Когда Ганс подошел к Гретхен, он взглянул на детей фермера. Теперь уже сирот. Его слова прозвучали в спешке.
– Я не делал этого, клянусь, Гретхен. Я сразу же напился.
– Почти отчаянно, он кивнул в сторону дочери фермера.
– Спроси у нее. Она скажет.
Жесткое лицо Гретхен немного смягчилось в своем тихом гневе.
– Ты думаешь, что бедная девушка помнит лица?" - спросила она.
Ее глаза переместились на солдат, выстраивавшихся сейчас в подобие походной колонны. Взгляд был наполнен чистой горечью.
– Я не делал этого. Упаси Бог.
Ребенок, устроившийся в левой руке Гретхен, повернул голову и посмотрел на Ганса нефокусированными глазами младенца. Его рот расплылся в улыбке, увидев знакомое лицо Ганса. Ребенок счастливо загукал.
Гнев Гретхен растаял. Ганс почувствовал прилив нежности к ребенку за это.
Как и раньше, Ганс не переставал удивляться таким чувствам. Он сразу полюбил маленького Вильгельма после его рождения. А Гретхен, положительно, души не чаяла в нем.
Странно, на самом деле. Ведь Вильгельм был сыном Людвига. По всей видимости. После первого дня, когда их город был разграблен войсками Тилли, Людвиг привел своих людей в типографию отца. Гретхен сразу была отобрана для исключительного использования Людвига. Ребенок, конечно, походил на предполагаемого отца. Как и у Людвига, его волосы были очень светлыми, а глаза голубыми. И, судя по всему, он может вырасти и до размеров Людвига.
Глаза Гретхен вернулись к Гансу. Он с облегчением увидел, что враждебность его сестры полностью исчезла.
– Ладно, Ганс. Будем держаться, насколько в наших силах.
Раздался окрик. Это звал его Людвиг.
– Иди, - сказала она.
– Я присмотрю за семьей.
Услышав это слово, всхлипывающий рядом десятилетний мальчик неожиданно обхватил бедра Гретхен. Мгновением спустя, его сестра присоединилась к нему, сжимая руку Гретхен. Ужас в ее глазах, казалось, начал отступать.
Таким образом 'семья', Ганса только что выросла. Он не был удивлен. Уже треть обоза чуть не молилась на Гретхен. Такая уж она была.
Окрик Людвига раздался снова. Уже злой. Теперь, конечно, не избежать рукоприкладства.

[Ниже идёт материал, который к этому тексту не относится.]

(* Let $(Y_j)_{j\in\mathbb Z}$ be a process such that, for all integers $s<t$ and all $\tau>0$, the law of $\tau^{-1}\mathbb X_n^{r_n+s,r_n+t}$ conditioned on $\|\mathbf X_{r_n}\|>u_n(\tau)$ converges to the law of $(Y_j)_{s\le j<t}$. Then $\|Y_0\|$ is uniformly distributed on $[0,1]$.
   Context: $\mathbf X_0,\mathbf X_1,\dots$ is a stationary sequence in $\mathbb R^d$. Thresholds $u_n:(0,\infty)\to(0,\infty)$ nonincreasing, left-continuous, with $\lim_{\tau_1\to0,\tau_2\to\infty}\mathbb P(u_n(\tau_2)<\|\mathbf X_0\|<u_n(\tau_1))=1$ and $\lim_nn\mathbb P(\|\mathbf X_0\|>u_n(\tau))=\tau$ for all $\tau>0$; $u_n^{-1}(z)=\sup\{\tau>0:z\le u_n(\tau)\}$. $r_n\to\infty$ is an integer sequence. $\mathbb X_n^{i,j}=(u_n^{-1}(\|\mathbf X_m\|)\mathbf X_m/\|\mathbf X_m\|)_{m=i}^{j-1}$. *)

theory Defs
  imports "HOL-Probability.Probability"
begin

definition uinv :: "(real \<Rightarrow> real) \<Rightarrow> real \<Rightarrow> real" where
  "uinv v z = Sup {\<tau>. \<tau> > 0 \<and> z \<le> v \<tau>}"

definition tX :: "(nat \<Rightarrow> real \<Rightarrow> real) \<Rightarrow> (nat \<Rightarrow> 'b \<Rightarrow> real^'d) \<Rightarrow> nat \<Rightarrow> int \<Rightarrow> 'b \<Rightarrow> real^'d" where
  "tX u X n m \<omega> = (uinv (u n) (norm (X (nat m) \<omega>)) / norm (X (nat m) \<omega>)) *\<^sub>R X (nat m) \<omega>"

text \<open>The block X_n^{i,j} = (tX_m)_{m=i}^{j-1}, as a function of the absolute time index m,
  set to 0 outside {i..<j}.\<close>
definition Xblock :: "(nat \<Rightarrow> real \<Rightarrow> real) \<Rightarrow> (nat \<Rightarrow> 'b \<Rightarrow> real^'d) \<Rightarrow> nat \<Rightarrow> int \<Rightarrow> int \<Rightarrow> 'b \<Rightarrow> int \<Rightarrow> real^'d" where
  "Xblock u X n i j \<omega> = (\<lambda>m. if i \<le> m \<and> m < j then tX u X n m \<omega> else 0)"

definition stationary :: "'b measure \<Rightarrow> (nat \<Rightarrow> 'b \<Rightarrow> real^'d) \<Rightarrow> bool" where
  "stationary M X \<longleftrightarrow> (\<forall>k. distr M (PiM UNIV (\<lambda>_. borel)) (\<lambda>\<omega> i. X (i + k) \<omega>)
                              = distr M (PiM UNIV (\<lambda>_. borel)) (\<lambda>\<omega> i. X i \<omega>))"

definition conv_in_law :: "(nat \<Rightarrow> 'a::topological_space measure) \<Rightarrow> 'a measure \<Rightarrow> bool" where
  "conv_in_law \<mu> \<nu> \<longleftrightarrow> (\<forall>f :: 'a \<Rightarrow> real. continuous_on UNIV f \<and> bounded (range f) \<longrightarrow>
      (\<lambda>n. \<integral>x. f x \<partial>\<mu> n) \<longlonglongrightarrow> (\<integral>x. f x \<partial>\<nu>))"

end

(*
  On the exceedance event |X_{r_n}| > u_n(1), the generalised inverse is a Galois inverse of the
  threshold: for 0 < y, u_n^{-1}(|X_{r_n}|) >= y iff |X_{r_n}| <= u_n(y), except on an event
  contained in {|X_{r_n}| > u_n(delta)} for arbitrarily small delta.  By stationarity and the tail
  condition, P(|X_{r_n}| > u_n(y)) / P(|X_{r_n}| > u_n(1)) tends to y, so the conditional law of
  u_n^{-1}(|X_{r_n}|) given the exceedance converges to the uniform law on [0,1].  Composing the
  assumed convergence of the blocks (with s = 0, t = 1, tau = 1) with the continuous map
  g |-> |g(0)| shows that the same conditional laws converge to the law of |Y_0|, and limits in law
  of real distributions are unique.
*)

theory Submission
  imports Defs
begin

lemma borel_measurable_uinv:
  fixes v :: "real \<Rightarrow> real"
  assumes anti: "\<And>t1 t2. 0 < t1 \<Longrightarrow> t1 \<le> t2 \<Longrightarrow> v t2 \<le> v t1"
  shows "uinv v \<in> borel_measurable borel"
proof -
  define S where "S z = {\<tau>. 0 < \<tau> \<and> z \<le> v \<tau>}" for z
  define Full where "Full = {z. \<forall>\<tau>>0. z \<le> v \<tau>}"
  define Empty where "Empty = {z. \<forall>\<tau>>0. v \<tau> < z}"
  have "is_interval Full" unfolding is_interval_1 Full_def by (blast intro: order_trans)
  moreover have "is_interval Empty" unfolding is_interval_1 Empty_def by (blast intro: less_le_trans)
  ultimately have Full_borel: "Full \<in> sets borel" and Empty_borel: "Empty \<in> sets borel"
    by (simp_all add: real_interval_borel_measurable)
  have uinv_S: "uinv v z = Sup (S z)" for z by (simp add: uinv_def S_def)
  have "S z = {\<tau>. 0 < \<tau>}" if "z \<in> Full" for z using that by (auto simp: S_def Full_def)
  moreover have "S z = {}" if "z \<in> Empty" for z using that by (force simp: S_def Empty_def)
  ultimately have "mono_on Full (\<lambda>z. - uinv v z)" "mono_on Empty (\<lambda>z. - uinv v z)"
    by (auto intro!: mono_onI simp: uinv_S)
  moreover have "mono_on (- (Full \<union> Empty)) (\<lambda>z. - uinv v z)"
  proof (rule mono_onI)
    fix z1 z2 assume z: "z1 \<in> - (Full \<union> Empty)" "z2 \<in> - (Full \<union> Empty)" "z1 \<le> z2"
    then obtain \<tau>0 where \<tau>0: "0 < \<tau>0" "v \<tau>0 < z1" by (auto simp: Full_def not_le)
    have "bdd_above (S z1)"
    proof (rule bdd_aboveI)
      fix \<tau> assume "\<tau> \<in> S z1"
      then show "\<tau> \<le> \<tau>0" using anti[of \<tau>0 \<tau>] \<tau>0 by (force simp: S_def)
    qed
    moreover have "S z2 \<noteq> {}" using z(2) by (force simp: Empty_def S_def not_less)
    moreover have "S z2 \<subseteq> S z1" using z(3) by (auto simp: S_def)
    ultimately show "- uinv v z1 \<le> - uinv v z2"
      unfolding uinv_S by (simp add: cSup_subset_mono)
  qed
  ultimately have "(\<lambda>z. - uinv v z) \<in> borel_measurable borel"
    by (intro borel_measurable_piecewise_mono[of "{Full, Empty, - (Full \<union> Empty)}"])
       (auto simp: Full_borel Empty_borel intro!: sets.Int borel_comp)
  then show ?thesis by simp
qed

lemma le_uinv_iff:
  fixes v :: "real \<Rightarrow> real"
  assumes anti: "\<And>t1 t2. 0 < t1 \<Longrightarrow> t1 \<le> t2 \<Longrightarrow> v t2 \<le> v t1"
    and left_cont: "\<And>\<tau>. 0 < \<tau> \<Longrightarrow> continuous (at_left \<tau>) v"
    and \<tau>0: "0 < \<tau>0" "z \<le> v \<tau>0" and \<tau>1: "0 < \<tau>1" "v \<tau>1 < z" and "0 < y"
  shows "y \<le> uinv v z \<longleftrightarrow> z \<le> v y"
proof -
  define S where "S = {\<tau>. 0 < \<tau> \<and> z \<le> v \<tau>}"
  have S_ne: "S \<noteq> {}" using \<tau>0 by (auto simp: S_def)
  have S_bdd: "bdd_above S"
  proof (rule bdd_aboveI)
    fix \<tau> assume "\<tau> \<in> S"
    then show "\<tau> \<le> \<tau>1" using anti[of \<tau>1 \<tau>] \<tau>1 by (force simp: S_def)
  qed
  define a where "a = Sup S"
  have "\<tau>0 \<le> a" using \<tau>0 S_bdd unfolding a_def by (auto intro: cSup_upper simp: S_def)
  with \<tau>0 have a_pos: "0 < a" by linarith
  \<comment> \<open>left continuity makes the supremum attained\<close>
  have "z \<le> v a"
  proof (rule tendsto_lowerbound)
    show "(v \<longlongrightarrow> v a) (at_left a)" using left_cont[OF a_pos] by (simp add: continuous_within)
    show "\<forall>\<^sub>F t in at_left a. z \<le> v t"
      using eventually_at_left_real[OF a_pos]
    proof eventually_elim
      case (elim t)
      then obtain s where "s \<in> S" "t < s" using less_cSup_iff[OF S_ne S_bdd] by (auto simp: a_def)
      then show "z \<le> v t" using anti[of t s] elim by (auto simp: S_def)
    qed
  qed simp
  show ?thesis
  proof
    assume "y \<le> uinv v z"
    then show "z \<le> v y" using \<open>z \<le> v a\<close> anti[of y a] \<open>0 < y\<close> by (simp add: uinv_def a_def S_def)
  next
    assume "z \<le> v y"
    then show "y \<le> uinv v z" using \<open>0 < y\<close> S_bdd by (auto intro: cSup_upper simp: uinv_def S_def)
  qed
qed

– Иди же, - прошипела Гретхен.
***
Серьезно ему не досталось. Людвиг был в хорошем настроении, если такое выражение вообще может быть применено к троллю в человеческом обличье. Его веселость, конечно же, состояла в подтрунивании над Гансом.
– Тебя ждет настоящая битва, цыпленочек!
– ревел Людвига.
– Наши ребята разведали этот чертов путь на юг, так что мы собираемся навестить Баденбург и преподать этим долбанным протестантам урок.
– Улыбка бородатого великана была издевающейся.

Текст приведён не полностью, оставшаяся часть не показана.